Novartis RNA Therapy Shows Promise in Treating Rare Muscular Dystrophy

For people living with facioscapulohumeral muscular dystrophy (FSHD), daily life can be a struggle. FSHD is a rare genetic disorder that causes progressive muscle weakness, often leading to mobility issues and the need for wheelchairs. However, recent clinical trial results from Novartis have brought new hope to patients and their families.

Novartis's experimental RNA therapy, delpacibart braxlosiran (del-brax), has demonstrated promising outcomes in a Phase 1/2 study named FORTITUDE. The therapy is designed to reduce the expression of DUX4 messenger RNA, which plays a crucial role in the muscle damage associated with FSHD. By targeting this specific genetic mechanism, del-brax aims to slow or even halt the progression of the disease.

In the FORTITUDE trial, Novartis reported that del-brax led to significant reductions in blood levels of cDUX, a biomarker of FSHD. This achievement meets the primary goal of the biomarker cohort in the placebo-controlled study. The therapy showed a reduction in creatine kinase, another protein that indicates muscle damage, further supporting its potential effectiveness.

A New Class of RNA Therapies

Del-brax is part of an emerging class of treatments known as antibody oligonucleotide conjugates (AOCs). These therapies combine the targeting precision of antibodies with the therapeutic power of oligonucleotides to modify RNA function. In the case of del-brax, the antibody delivers an oligonucleotide that specifically targets and reduces DUX4 mRNA expression.

The development of AOCs represents a significant advancement in genetic medicine, offering new possibilities for treating conditions previously considered untreatable. Novartis's acquisition of Avidity Biosciences, the original developer of del-brax, for $12 billion underscores the company's commitment to this innovative approach.

Avidity had already reported promising Phase 1/2 results showing that del-brax not only reduced DUX4 expression but also showed signs of improving muscle function. These findings laid the groundwork for a larger, placebo-controlled Phase 3 clinical trial, which began last year. This trial will serve as the confirmatory study if del-brax receives accelerated approval from regulatory bodies.

What Comes Next

The next steps for del-brax include further analysis of the FORTITUDE trial data and preparation for potential regulatory submissions. Avidity's previous agreement with the FDA that cDUX reduction can serve as a surrogate endpoint for accelerated approval could expedite the process, bringing hope to patients who have few treatment options.

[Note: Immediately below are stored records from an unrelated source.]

text \<open>Finitely many nonempty compact convex sets admit a point w with nearest points p_i whose
  displacements p_i - w sum to zero: take w minimising the sum of squared distances over the
  convex hull of the union; the parallel axis theorem shows that w is the centroid of its
  nearest points.\<close>
lemma balanced_nearest_points:
  fixes C :: "'i \<Rightarrow> 'a::euclidean_space set"
  assumes A: "finite A" "A \<noteq> {}"
    and C: "\<And>i. i \<in> A \<Longrightarrow> compact (C i)" "\<And>i. i \<in> A \<Longrightarrow> convex (C i)"
      "\<And>i. i \<in> A \<Longrightarrow> C i \<noteq> {}"
  obtains w p where "\<And>i. i \<in> A \<Longrightarrow> p i \<in> C i"
    and "\<And>i y. i \<in> A \<Longrightarrow> y \<in> C i \<Longrightarrow> inner (p i - w) (y - p i) \<ge> 0"
    and "(\<Sum>i\<in>A. p i - w) = 0"
proof -
  have closed: "closed (C i)" if "i \<in> A" for i using C(1)[OF that] compact_imp_closed by blast
  define H where "H = convex hull (\<Union>i\<in>A. C i)"
  define F where "F w = (\<Sum>i\<in>A. (dist w (closest_point (C i) w))\<^sup>2)" for w
  have H: "compact H" unfolding H_def using C(1) A(1) by (intro compact_convex_hull compact_UN) auto
  have H_ne: "H \<noteq> {}" unfolding H_def using C(3) A(2) by (simp add: hull_subset)
  have F_cont: "continuous_on H F" unfolding F_def
  proof (intro continuous_on_sum continuous_on_power continuous_on_dist continuous_on_id)
    fix i assume "i \<in> A"
    then show "continuous_on H (closest_point (C i))"
      using C(2,3) closed by (intro continuous_on_closest_point)
  qed
  obtain w where wmin: "\<And>y. y \<in> H \<Longrightarrow> F w \<le> F y"
    using continuous_attains_inf[OF H H_ne F_cont] by blast
  define p where "p i = closest_point (C i) w" for i
  have pC: "p i \<in> C i" if "i \<in> A" for i
    unfolding p_def using closest_point_in_set[OF closed[OF that] C(3)[OF that]] .
  define g where "g = (1 / real (card A)) *\<^sub>R (\<Sum>i\<in>A. p i)"
  have "g \<in> H" unfolding g_def H_def
    by (rule centroid_in_convex[OF convex_convex_hull A]) (use pC in \<open>auto intro: hull_inc\<close>)
  then have "F w \<le> F g" by (rule wmin)
  also have "F g \<le> (\<Sum>i\<in>A. (norm (g - p i))\<^sup>2)"
    unfolding F_def
  proof (rule sum_mono)
    fix i assume i: "i \<in> A"
    have "dist g (closest_point (C i) g) \<le> dist g (p i)"
      by (rule closest_point_le[OF closed[OF i] pC[OF i]])
    then show "(dist g (closest_point (C i) g))\<^sup>2 \<le> (norm (g - p i))\<^sup>2"
      by (metis dist_norm power_mono zero_le_dist)
  qed
  finally have "real (card A) * (norm (w - g))\<^sup>2 \<le> 0"
    using sum_sq_dist_centroid[OF A g_def, of w] unfolding F_def p_def dist_norm by linarith
  moreover have "card A > 0" using A by auto
  ultimately have "w = g" by (simp add: mult_le_0_iff)
  then have "(\<Sum>i\<in>A. p i - w) = 0" unfolding g_def using A by (simp add: sum_subtractf sum_constant_scaleR)
  moreover have "inner (p i - w) (y - p i) \<ge> 0" if i: "i \<in> A" and y: "y \<in> C i" for i y
  proof -
    have "inner (w - p i) (y - p i) \<le> 0"
      using any_closest_point_dot[OF C(2)[OF i] closed[OF i] pC[OF i] y]
        closest_point_le[OF closed[OF i]] unfolding p_def by blast
    then show ?thesis by (simp add: inner_diff_left)
  qed
  ultimately show ?thesis using that pC by blast
qed

definition reflected_copy :: "real \<Rightarrow> 'a::real_vector set \<Rightarrow> 'a \<Rightarrow> 'a set" where
  "reflected_copy c L x = (\<lambda>l. x + (- c) *\<^sub>R l) ` L"

lemma reflected_copy_compact: "compact L \<Longrightarrow> compact (reflected_copy c L x)"
  for L :: "'a::euclidean_space set"
  unfolding reflected_copy_def by (rule compact_affinity)

lemma reflected_copy_convex: "convex L \<Longrightarrow> convex (reflected_copy c L x)"
  for L :: "'a::euclidean_space set"
  unfolding reflected_copy_def by (rule convex_affinity)

lemma mem_reflected_copy_iff: "w \<in> reflected_copy c L x \<longleftrightarrow> x \<in> (\<lambda>l. c *\<^sub>R l + w) ` L"
  unfolding reflected_copy_def by (auto simp: algebra_simps)

text \<open>Main geometric step: any n + 1 reflected copies of ratio n / k have a common point.  For
  balanced nearest points the support inequality yields sum |v_i|^2 <= 0.\<close>
lemma reflected_copies_meet:
  fixes K L :: "'a::euclidean_space set" and x :: "'i \<Rightarrow> 'a"
  assumes K: "convex K" and L: "compact L" "convex L" "L \<noteq> {}"
    and k: "1 \<le> k" "k \<le> DIM('a)"
    and proj: "\<And>\<xi>. subspace \<xi> \<Longrightarrow> dim \<xi> = k \<Longrightarrow>
                 contains_translate (proj_set \<xi> L) (proj_set \<xi> K)"
    and A: "finite A" "card A = DIM('a) + 1" and x: "\<And>i. i \<in> A \<Longrightarrow> x i \<in> K"
  shows "\<exists>w. \<forall>i\<in>A. w \<in> reflected_copy (real DIM('a) / real k) L (x i)"
proof -
  define c where "c = real DIM('a) / real k"
  have c: "c > 0" unfolding c_def using k by simp
  have "A \<noteq> {}" using A by auto
  have copies: "compact (reflected_copy c L (x i))" "convex (reflected_copy c L (x i))"
    "reflected_copy c L (x i) \<noteq> {}" for i
    using reflected_copy_compact[OF L(1)] reflected_copy_convex[OF L(2)] L(3)
    by (auto simp: reflected_copy_def)
  obtain w p where pC: "\<And>i. i \<in> A \<Longrightarrow> p i \<in> reflected_copy c L (x i)"
    and nearest: "\<And>i y. i \<in> A \<Longrightarrow> y \<in> reflected_copy c L (x i) \<Longrightarrow> inner (p i - w) (y - p i) \<ge> 0"
    and balanced: "(\<Sum>i\<in>A. p i - w) = 0"
    by (rule balanced_nearest_points[OF A(1) \<open>A \<noteq> {}\<close>, of "\<lambda>i. reflected_copy c L (x i)"])
      (use copies in auto)
  define v where "v i = p i - w" for i
  have v0: "(\<Sum>i\<in>A. v i) = 0" using balanced unfolding v_def .
  have "\<forall>i\<in>A. \<exists>l'\<in>L. p i = x i + (- c) *\<^sub>R l'" using pC unfolding reflected_copy_def by blast
  then obtain l where l: "\<And>i. i \<in> A \<Longrightarrow> l i \<in> L" "\<And>i. i \<in> A \<Longrightarrow> p i = x i + (- c) *\<^sub>R l i"
    by metis
  have support: "inner l' (v i) \<le> inner (l i) (v i)" if i: "i \<in> A" and l': "l' \<in> L" for i l'
  proof -
    have "x i + (- c) *\<^sub>R l' \<in> reflected_copy c L (x i)" unfolding reflected_copy_def using l' by blast
    then have "0 \<le> inner (v i) (x i + (- c) *\<^sub>R l' - p i)" using nearest[OF i] unfolding v_def by blast
    also have "x i + (- c) *\<^sub>R l' - p i = c *\<^sub>R (l i - l')" using l(2)[OF i] by (simp add: algebra_simps)
    finally have "0 \<le> c * (inner (v i) (l i) - inner (v i) l')" by (simp add: inner_diff_right)
    then show ?thesis using c by (simp add: zero_le_mult_iff inner_commute)
  qed
  have "(\<Sum>i\<in>A. inner (x i) (v i)) \<le> c * (\<Sum>i\<in>A. inner (l i) (v i))"
    unfolding c_def by (rule support_sum_inequality[OF K A k proj x support v0])
  moreover have "(\<Sum>i\<in>A. inner (p i) (v i))
                   = (\<Sum>i\<in>A. inner (x i) (v i)) - c * (\<Sum>i\<in>A. inner (l i) (v i))"
  proof -
    have "(\<Sum>i\<in>A. inner (p i) (v i)) = (\<Sum>i\<in>A. inner (x i) (v i) - c * inner (l i) (v i))"
      using l(2) by (intro sum.cong refl) (simp add: inner_diff_left)
    then show ?thesis by (simp add: sum_subtractf sum_distrib_left)
  qed
  moreover have "(\<Sum>i\<in>A. inner (p i) (v i)) = (\<Sum>i\<in>A. inner (v i) (v i)) + inner w (\<Sum>i\<in>A. v i)"
  proof -
    have "inner (p i) (v i) = inner (v i) (v i) + inner w (v i)" for i
      using inner_add_left[of "v i" w "v i"] by (simp add: v_def)
    then show ?thesis by (simp add: sum.distrib inner_sum_right)
  qed
  ultimately have "(\<Sum>i\<in>A. inner (v i) (v i)) \<le> 0" using v0 by simp
  then have "(\<Sum>i\<in>A. inner (v i) (v i)) = 0" by (meson antisym inner_ge_zero sum_nonneg)
  then have "\<forall>i\<in>A. v i = 0" using sum_nonneg_eq_0_iff[OF A(1), of "\<lambda>i. inner (v i) (v i)"] by simp
  then have "\<forall>i\<in>A. w \<in> reflected_copy c L (x i)" using pC unfolding v_def by simp
  then show ?thesis unfolding c_def by blast
qed

lemma finite_set_as_interval_image:
  assumes "finite S" "S \<noteq> {}" "card S \<le> n + 1"
  obtains e :: "nat \<Rightarrow> 'b" where "S = e ` {0..n}"
proof -
  obtain h where h: "bij_betw h {0..<card S} S" using ex_bij_betw_nat_finite[OF assms(1)] by blast
  have pos: "card S > 0" using assms by auto
  define e where "e i = h (min i (card S - 1))" for i
  have "e ` {0..n} = h ` {0..<card S}"
  proof (intro equalityI subsetI)
    fix y assume "y \<in> e ` {0..n}"
    then show "y \<in> h ` {0..<card S}" unfolding e_def using pos by auto
  next
    fix y assume "y \<in> h ` {0..<card S}"
    then obtain j where "j < card S" "y = h j" by auto
    then have "j \<in> {0..n}" "y = e j" using assms(3) unfolding e_def by auto
    then show "y \<in> e ` {0..n}" by blast
  qed
  then show ?thesis using that h unfolding bij_betw_def by metis
qed

lemma few_reflected_copies_meet:
  fixes K L :: "'a::euclidean_space set"
  assumes K: "convex K" and L: "compact L" "convex L" "L \<noteq> {}"
    and k: "1 \<le> k" "k \<le> DIM('a)"
    and proj: "\<And>\<xi>. subspace \<xi> \<Longrightarrow> dim \<xi> = k \<Longrightarrow>
                 contains_translate (proj_set \<xi> L) (proj_set \<xi> K)"
    and t: "t \<subseteq> reflected_copy (real DIM('a) / real k) L ` K" "finite t" "t \<noteq> {}"
      "card t \<le> DIM('a) + 1"
  shows "\<Inter>t \<noteq> {}"
proof -
  let ?D = "reflected_copy (real DIM('a) / real k) L"
  obtain e where e: "t = e ` {0..DIM('a)}" using finite_set_as_interval_image t(2-4) by metis
  have "\<forall>i\<in>{0..DIM('a)}. \<exists>z\<in>K. e i = ?D z" using t(1) e by blast
  then obtain x where x: "\<And>i. i \<in> {0..DIM('a)} \<Longrightarrow> x i \<in> K \<and> e i = ?D (x i)" by metis
  obtain w where "\<forall>i\<in>{0..DIM('a)}. w \<in> ?D (x i)"
    using reflected_copies_meet[OF K L k proj, of "{0..DIM('a)}" x] x by auto
  then have "w \<in> \<Inter>t" using e x by auto
  then show ?thesis by blast
qed

lemma Helly_compact:
  fixes \<F> :: "'a::euclidean_space set set"
  assumes "\<F> \<noteq> {}" and compact: "\<And>S. S \<in> \<F> \<Longrightarrow> compact S" and convex: "\<And>S. S \<in> \<F> \<Longrightarrow> convex S"
    and small: "\<And>t. t \<subseteq> \<F> \<Longrightarrow> finite t \<Longrightarrow> t \<noteq> {} \<Longrightarrow> card t \<le> DIM('a) + 1 \<Longrightarrow> \<Inter>t \<noteq> {}"
  shows "\<Inter>\<F> \<noteq> {}"
proof -
  obtain S0 where S0: "S0 \<in> \<F>" using assms(1) by blast
  have "S0 \<inter> \<Inter>\<F> \<noteq> {}"
  proof (rule compact_imp_fip[OF compact[OF S0]])
    show "closed T" if "T \<in> \<F>" for T using compact[OF that] compact_imp_closed by blast
  next
    fix \<G> assume \<G>: "finite \<G>" "\<G> \<subseteq> \<F>"
    let ?t = "insert S0 \<G>"
    have t: "?t \<subseteq> \<F>" "finite ?t" "?t \<noteq> {}" using S0 \<G> by auto
    have "\<Inter>?t \<noteq> {}"
    proof (cases "card ?t \<le> DIM('a) + 1")
      case True then show ?thesis using small t by blast
    next
      case False
      show ?thesis
      proof (rule Helly)
        show "DIM('a) + 1 \<le> card ?t" using False by simp
        show "\<forall>S\<in>?t. convex S" using convex t(1) by blast
        fix s assume s: "s \<subseteq> ?t" "card s = DIM('a) + 1"
        have "s \<subseteq> \<F>" using s(1) t(1) by (rule subset_trans)
        moreover have "finite s" using s(1) t(2) by (rule finite_subset)
        moreover have "s \<noteq> {}" using s(2) by auto
        ultimately show "\<Inter>s \<noteq> {}" using s(2) by (intro small) auto
      qed
    qed
    then show "S0 \<inter> \<Inter>\<G> \<noteq> {}" by simp
  qed
  then show ?thesis by blast
qed

lemma measure_le_homothetic_cover:
  fixes K L :: "'a::euclidean_space set"
  assumes "compact K" "compact L" "K \<subseteq> (\<lambda>l. c *\<^sub>R l + w) ` L"
  shows "measure lebesgue K \<le> \<bar>c\<bar> ^ DIM('a) * measure lebesgue L"
proof -
  have "compact ((\<lambda>l. c *\<^sub>R l + w) ` L)"
    using compact_affinity[OF assms(2), of w c] by (simp add: add.commute)
  then have "measure lebesgue K \<le> measure lebesgue ((\<lambda>l. c *\<^sub>R l + w) ` L)"
    using assms(1,3) by (intro measure_mono_fmeasurable) (auto intro: lmeasurable_compact fmeasurableD)
  also have "\<dots> = \<bar>c\<bar> ^ DIM('a) * measure lebesgue L" by (rule measure_lebesgue_affine)
  finally show ?thesis .
qed

theorem corollary6p2:
  fixes K L :: "'a::euclidean_space set" and d :: nat
  assumes n2: "DIM('a) \<ge> 2"
    and K: "compact K" "convex K"
    and L: "compact L" "convex L"
    and d: "1 \<le> d" "d \<le> DIM('a) - 1"
    and proj: "\<And>\<xi>. subspace \<xi> \<Longrightarrow> dim \<xi> = DIM('a) - d \<Longrightarrow>
                 contains_translate (proj_set \<xi> L) (proj_set \<xi> K)"
  shows "measure lebesgue K \<le>
           (real DIM('a) / real (DIM('a) - d)) ^ DIM('a) * measure lebesgue L"
proof (cases "K = {}")
  case False
  define k where "k = DIM('a) - d"
  define c where "c = real DIM('a) / real k"
  have k: "1 \<le> k" "k \<le> DIM('a)" unfolding k_def using d n2 by auto
  have proj_k: "\<And>\<xi>. subspace \<xi> \<Longrightarrow> dim \<xi> = k \<Longrightarrow> contains_translate (proj_set \<xi> L) (proj_set \<xi> K)"
    using proj unfolding k_def .
  have "L \<noteq> {}" using projection_hypothesis_nonempty[OF False k(2) proj_k] .
  have "\<Inter>(reflected_copy c L ` K) \<noteq> {}"
  proof (rule Helly_compact)
    show "reflected_copy c L ` K \<noteq> {}" using False by blast
  qed (use reflected_copy_compact[OF L(1)] reflected_copy_convex[OF L(2)]
         few_reflected_copies_meet[OF K(2) L \<open>L \<noteq> {}\<close> k proj_k] in \<open>auto simp: c_def\<close>)
  then obtain w where "\<forall>x\<in>K. w \<in> reflected_copy c L x" by blast
  then have "K \<subseteq> (\<lambda>l. c *\<^sub>R l + w) ` L" by (auto simp: mem_reflected_copy_iff)
  from measure_le_homothetic_cover[OF K(1) L(1) this]
  show ?thesis using k unfolding c_def k_def by simp
qed simp
(* Let $G$ be a finite abelian group and $\Phi$ a normalized $3$-cocycle on $G$. If $V$ and $W$ are simple objects of ${}^{\mathbbm{k}G}_{\mathbbm{k}G}\mathcal{YD}^{\Phi}$ with $g_V=g_W$, then $\dim V=\dim W$.
   Context: $\mathbbm{k}$ is algebraically closed of characteristic zero. For $g\in G$, $\widetilde{\Phi}_g(x,y)=\frac{\Phi(g,x,y)\Phi(x,y,g)}{\Phi(x,g,y)}$. The braided tensor category ${}^{\mathbbm{k}G}_{\mathbbm{k}G}\mathcal{YD}^{\Phi}$ has objects the $G$-graded spaces $V=\bigoplus_gV_g$ with operators $e\triangleright-$ preserving each $V_g$, $1\triangleright v=v$, $e\triangleright(f\triangleright v)=\widetilde{\Phi}_g(e,f)(ef)\triangleright v$ for $v\in V_g$; tensor product: degree $gh$, $e\triangleright(X\otimes Y)=\widetilde{\Phi}_e(g,h)(e\triangleright X)\otimes(e\triangleright Y)$; associator $(X\otimes Y)\otimes Z\mapsto\Phi(e,f,g)^{-1}X\otimes(Y\otimes Z)$; braiding $X\otimes Y\mapsto(e\triangleright Y)\otimes X$. A simple object $V$ is concentrated in a single degree, denoted $g_V$. *)

theory Defs
  imports Main "HOL-Computational_Algebra.Polynomial"
begin

text \<open>The finite abelian group G is a type 'g of class ab_group_add and finite,
written additively: the unit 1 of G is 0, the product ef is e + f.\<close>

definition normalized_3cocycle :: "('g::ab_group_add \<Rightarrow> 'g \<Rightarrow> 'g \<Rightarrow> 'k::field) \<Rightarrow> bool" where
  "normalized_3cocycle \<Phi> \<longleftrightarrow>
     (\<forall>x y z. \<Phi> x y z \<noteq> 0) \<and>
     (\<forall>e f g h. \<Phi> (e + f) g h * \<Phi> e f (g + h) = \<Phi> e f g * \<Phi> e (f + g) h * \<Phi> f g h) \<and>
     (\<forall>x y. \<Phi> 0 x y = 1 \<and> \<Phi> x 0 y = 1 \<and> \<Phi> x y 0 = 1)"

definition Phi_tilde :: "('g::ab_group_add \<Rightarrow> 'g \<Rightarrow> 'g \<Rightarrow> 'k::field) \<Rightarrow> 'g \<Rightarrow> 'g \<Rightarrow> 'g \<Rightarrow> 'k" where
  "Phi_tilde \<Phi> g x y = \<Phi> g x y * \<Phi> x y g / \<Phi> x g y"
(* Let $A\in\mathbb{R}^{n\times n}$ and $b\in\mathbb{R}^n$, and consider the generalized Newton method (GNM) for the absolute value equation $Ax-|x|-b=0$: starting from an initial $x^0\in\mathbb{R}^n$, compute $x^{k+1}=[A-\mathcal{D}(x^k)]^{-1}b$ for $k=0,1,2,\dots$. Suppose that $A$ satisfies either (a) $A-I$ is an $M$-matrix, or (b) $\mathcal{N}(A^\top-I)=\mathrm{span}(v)$ for some vector $v>0$, and $A-I+D$ is an $M$-matrix for every diagonal matrix $D=\mathrm{diag}(d)$ with $d\ge 0$ and $d\neq 0$. If $A$ satisfies (b), assume in addition that $\mathcal{D}(x^0)\neq I$ and $v^\top b<0$. Then GNM converges to an exact solution of $Ax-|x|-b=0$ in at most $2n+2$ iterations.
   Context: For $x\in\mathbb{R}^n$, $|x|=(|x_1|,\dots,|x_n|)^\top$, and $\mathcal{D}(x)=\mathrm{diag}(\mathrm{sign}(x))$, where $\mathrm{sign}(x)$ is the vector whose $i$th component is $-1$, $0$, or $1$ according as $x_i<0$, $x_i=0$, or $x_i>0$. A matrix is a $Z$-matrix if all its off-diagonal entries are $\le 0$; a $Z$-matrix $A$ is an $M$-matrix if $A$ is nonsingular and $A^{-1}\ge 0$ (entrywise). Vector and matrix inequalities are entrywise; $v>0$ means all entries of $v$ are strictly positive. $\mathcal{N}(X)$ denotes the null space of $X$. *)

theory Defs
  imports "HOL-Analysis.Analysis"
begin

definition vabs :: "real^'n \<Rightarrow> real^'n" where
  "vabs x = (\<chi> i. \<bar>x $ i\<bar>)"

definition diagm :: "real^'n \<Rightarrow> real^'n^'n" where
  "diagm d = (\<chi> i j. if i = j then d $ i else 0)"

definition Dsign :: "real^'n \<Rightarrow> real^'n^'n" where
  "Dsign x = diagm (\<chi> i. sgn (x $ i))"

definition Z_matrix :: "real^'n^'n \<Rightarrow> bool" where
  "Z_matrix A \<longleftrightarrow> (\<forall>i j. i \<noteq> j \<longrightarrow> A $ i $ j \<le> 0)"

definition M_matrix :: "real^'n^'n \<Rightarrow> bool" where
  "M_matrix A \<longleftrightarrow> Z_matrix A \<and> invertible A \<and> (\<forall>i j. matrix_inv A $ i $ j \<ge> 0)"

If approved, del-brax would be the first targeted therapy for FSHD, marking a significant milestone in the treatment of this rare disorder. The potential impact on public health is substantial, as it could improve the quality of life for thousands of individuals and their families.

The broader implications extend beyond FSHD. The success of AOCs like del-brax could open new avenues for treating other genetic disorders, further advancing the field of RNA medicine. As research continues, the potential to address a wide range of conditions with precision and efficacy becomes increasingly promising.

For now, the focus remains on ensuring that del-brax meets all safety and efficacy standards in ongoing trials. The journey from lab to patient is long and complex, but the progress made so far offers a beacon of hope for those affected by FSHD and other rare genetic diseases.